The actor — who played The Big Bang Theory’s lovable, geeky lead for 12 seasons from 2007 to 2019 — is stepping back into his shoes for the May 16 series finale of the spinoff series Young Sheldon, which he says he’s honored to do.
Speaking with PEOPLE ahead of the 2024 Tony Awards — where he is up for best performance by an actor in a featured role in a play for his role in Mother Play — Parsons, 51, said reprising the role, particularly alongside former costar Mayim Bialik, was “really special, actually.”
Parsons, who is an executive producer and narrator for Young Sheldon, was at peace with his off-screen-only role in the Big Bang Theory spinoff, but the way the finale was written changed his mind entirely, he said.
“I felt a slight hesitancy when they first asked, just as I thought, I don’t really want to go revisit the character,” he told PEOPLE. “But the way that they wrote it in was I thought so beautiful that it ended up being like this little extra coda or whatever to my experience with the character.”
“It was this gift of a second layer of losing it out in a way that I had never seen coming, and it was a real treat,” he added.
When asked if he has any advice for 15-year-old Iain Armitage, who has portrayed Sheldon’s younger iteration since he was 9, Parsons said, “Oh God, no.”
“It’s such a different experience for him, and he’s so smart. He doesn’t need any,” the Hidden Figures actor continued. “He’s got good guidance. He and his mother, they’re just fantastic.”
“So, he’ll be fine. God knows what he’ll do,” Parsons said, adding, “He could do anything.”
Reflecting on what lies ahead, Armitage (who first auditioned for Young Sheldon at 8) told PEOPLE he wants to take on a project that is the “exact opposite end of the spectrum” of his role on the period sitcom.
“It’s funny, because I’ve had so much fun getting to do this character for seven awesome years that it would be cool to do something … just completely different from Sheldon in every way,” he told PEOPLE.
Whether it’s an action, sci-fi or drama project, he just wants to do “something super different and weird.”

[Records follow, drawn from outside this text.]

theorem mainTheorem5:
  fixes L :: "'a gorder" and lam :: "'a \<Rightarrow> 'a \<Rightarrow> bool" and c :: 'a
  assumes ssd: "slim_semimodular_diagram L lam"
    and cl: "is_cl L lam c"
    and coat: "coatom L c"
  shows "is_chain L (down_set L c) \<and> down_set L c \<subseteq> left_boundary L lam \<and>
    sublattice L (carrier L - down_set L c) \<and>
    slim_semimodular_diagram (induced_order L (carrier L - down_set L c))
                             (induced_left lam (carrier L - down_set L c)) \<and>
    card (carrier L - down_set L c) = card (carrier L) - lattice_length L \<and>
    (\<forall>(L' :: 'b gorder) lam' c'.
       slim_semimodular_diagram L' lam' \<and> is_cl L' lam' c' \<and> coatom L' c' \<and>
       similar (induced_order L (carrier L - down_set L c)) (induced_left lam (carrier L - down_set L c))
               (induced_order L' (carrier L' - down_set L' c')) (induced_left lam' (carrier L' - down_set L' c'))
       \<longrightarrow> similar L lam L' lam')"
proof -
  have cl_coatom: "cl_coatom L lam c" if "slim_semimodular_diagram L lam" "is_cl L lam c" "coatom L c"
    for L :: "'c gorder" and lam c
    using that unfolding slim_semimodular_diagram_def cl_coatom_def cl_coatom_axioms_def
      slim_semimodular_def slim_semimodular_axioms_def diagram_def by blast
  interpret A: cl_coatom L lam c using cl_coatom ssd cl coat .
  have "similar L lam L' lam'"
    if B: "slim_semimodular_diagram L' lam'" "is_cl L' lam' c'" "coatom L' c'"
      and sim: "similar (induced_order L A.Eo) (induced_left lam A.Eo)
         (induced_order L' (carrier L' - down_set L' c')) (induced_left lam' (carrier L' - down_set L' c'))"
    for L' :: "'b gorder" and lam' c'
  proof -
    obtain \<phi> where "similarity_map (induced_order L A.Eo) (induced_left lam A.Eo)
        (induced_order L' (carrier L' - down_set L' c')) (induced_left lam' (carrier L' - down_set L' c')) \<phi>"
      using sim similar_iff_ex_similarity_map by blast
    then interpret cl_coatom_pair L lam c L' lam' c' \<phi>
      using A.cl_coatom_axioms cl_coatom[OF B] by (simp add: cl_coatom_pair_def cl_coatom_pair_axioms_def)
    show ?thesis using similarity_map_extension similar_iff_ex_similarity_map by blast
  qed
  then show ?thesis
    using A.down_set_c_chain A.down_set_c_subset_Cl A.sublattice_Eo A.slim_semimodular_diagram_Eo A.card_Eo
    by blast
qed

end
(* Let $p\in(0,1)$ and $q=-\log(1-p)$. For rectangles $R\subseteq R'$ with $\dim(R)=(a,b)$ and $\dim(R')=(a+s,b+t)$, $$ \mathbb{P}_p\big[D(R,R')\big]\le \exp\Big(-s\,g(bq)-t\,g(aq)+2[g(bq)+g(aq)]+st\,q\,e^{2[g(bq)+g(aq)]}\Big). $$
   Context: Under $\mathbb{P}_p$, the initial configuration $\sigma$ assigns independent states to sites of $\mathbb{Z}^2$: the origin is active with probability $p$, else empty; every other site is occupied with probability $p$, else empty. A rectangle is $\{a,\dots,c\}\times\{b,\dots,d\}\subset\mathbb{Z}^2$ with dimensions $(c-a+1,d-b+1)$; columns are $\{x\}\times\{b,\dots,d\}$ and rows $\{a,\dots,c\}\times\{y\}$. A rectangle has a double gap in the columns (resp. rows) if two consecutive columns (resp. rows) consist entirely of empty sites in $\sigma$. For $R=\{x_1,\dots,x_2\}\times\{y_1,\dots,y_2\}\subseteq R'=\{X_1,\dots,X_2\}\times\{Y_1,\dots,Y_2\}$, $D(R,R')$ is the event that each of the (possibly empty) rectangles $\{X_1,\dots,x_1-1\}\times\{Y_1,\dots,Y_2\}$ and $\{x_2+1,\dots,X_2\}\times\{Y_1,\dots,Y_2\}$ has no double gap in the columns, and each of $\{X_1,\dots,X_2\}\times\{Y_1,\dots,y_1-1\}$ and $\{X_1,\dots,X_2\}\times\{y_2+1,\dots,Y_2\}$ has no double gap in the rows. Also $\beta(u)=\frac{u+\sqrt{u(4-3u)}}{2}$ and $g(z)=-\log\beta(1-e^{-z})$ for $z>0$. *)

theory Defs
  imports "HOL-Probability.Probability"
begin

datatype site_state = Empty | Occupied | Active

type_synonym config = "int \<times> int \<Rightarrow> site_state"

definition site_law :: "real \<Rightarrow> int \<times> int \<Rightarrow> site_state measure" where
  "site_law p v = measure_pmf (map_pmf
     (\<lambda>b. if b then (if v = (0,0) then Active else Occupied) else Empty) (bernoulli_pmf p))"

definition P :: "real \<Rightarrow> config measure" where
  "P p = PiM (UNIV :: (int \<times> int) set) (site_law p)"

definition double_gap_cols :: "config \<Rightarrow> int \<Rightarrow> int \<Rightarrow> int \<Rightarrow> int \<Rightarrow> bool" where
  "double_gap_cols \<sigma> a c b d \<longleftrightarrow>
     (\<exists>x. a \<le> x \<and> x + 1 \<le> c \<and> (\<forall>y\<in>{b..d}. \<sigma> (x,y) = Empty \<and> \<sigma> (x+1,y) = Empty))"

definition double_gap_rows :: "config \<Rightarrow> int \<Rightarrow> int \<Rightarrow> int \<Rightarrow> int \<Rightarrow> bool" where
  "double_gap_rows \<sigma> a c b d \<longleftrightarrow>
     (\<exists>y. b \<le> y \<and> y + 1 \<le> d \<and> (\<forall>x\<in>{a..c}. \<sigma> (x,y) = Empty \<and> \<sigma> (x,y+1) = Empty))"

text \<open>Event D(R,R') for R = {x1..x2} x {y1..y2} and R' = {X1..X2} x {Y1..Y2}.\<close>
definition D_event :: "int \<Rightarrow> int \<Rightarrow> int \<Rightarrow> int \<Rightarrow> int \<Rightarrow> int \<Rightarrow> int \<Rightarrow> int \<Rightarrow> config \<Rightarrow> bool" where
  "D_event x1 x2 y1 y2 X1 X2 Y1 Y2 \<sigma> \<longleftrightarrow>
     \<not> double_gap_cols \<sigma> X1 (x1 - 1) Y1 Y2 \<and>
     \<not> double_gap_cols \<sigma> (x2 + 1) X2 Y1 Y2 \<and>
     \<not> double_gap_rows \<sigma> X1 X2 Y1 (y1 - 1) \<and>
     \<not> double_gap_rows \<sigma> X1 X2 (y2 + 1) Y2"

definition beta :: "real \<Rightarrow> real" where
  "beta u = (u + sqrt (u * (4 - 3 * u))) / 2"

definition g :: "real \<Rightarrow> real" where
  "g z = - ln (beta (1 - exp (- z)))"

end

theory Submission
  imports Defs
begin

text \<open>Cut \<open>R' - R\<close> into four corner rectangles and four arms, the strips beside the sides of
  \<open>R\<close>. Fix the corners. The left arm is a chain of \<open>s\<^sub>1\<close> columns of height \<open>b\<close>, each empty
  with probability \<open>1 - u = (1 - p)\<^sup>b\<close> independently, and the absence of a double gap forces
  that whenever two consecutive columns of \<open>R'\<close> have empty corner parts, their parts beside
  \<open>R\<close> are not both empty. A transfer-matrix potential shows that each such constrained pair
  costs a factor \<open>beta u = exp (- g (b q))\<close>. A non-empty corner site spoils at most two pairs, so with \<open>Z\<close> occupied
  corner sites at least \<open>s - 2 - 2 Z\<close> column pairs and \<open>t - 2 - 2 Z\<close> row pairs are constrained.
  Integrating the resulting weight \<open>exp (2 (g (b q) + g (a q)) Z)\<close> over the \<open>s t\<close> independent
  corner sites gives the last term, via \<open>1 + p (c - 1) \<le> exp (q c)\<close>.\<close>

section \<open>Product measure on configurations\<close>

lemma UNIV_site_state: "(UNIV :: site_state set) = {Empty, Occupied, Active}"
  by (auto intro: site_state.exhaust)

lemma finite_UNIV_site_state [simp]: "finite (UNIV :: site_state set)"
  by (simp add: UNIV_site_state)

lemma sets_site_law [simp]: "sets (site_law p v) = UNIV"
  and space_site_law [simp]: "space (site_law p v) = UNIV"
  by (simp_all add: site_law_def)

lemma prob_space_site_law: "prob_space (site_law p v)"
  by (simp add: site_law_def prob_space_measure_pmf)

And, in a video from the set of the sitcom’s finale shared with PEOPLE, both Sheldons reflected on the first time they crossed paths as Armitage was getting his footing on Young Sheldon.
“It’s pretty crazy to watch old episodes of my voice sound so high and I’m so little,” said Armitage.
“He was so arrestingly charming,” Parsons added of the teen actor. “Immediately [you] just couldn’t take your eyes off.”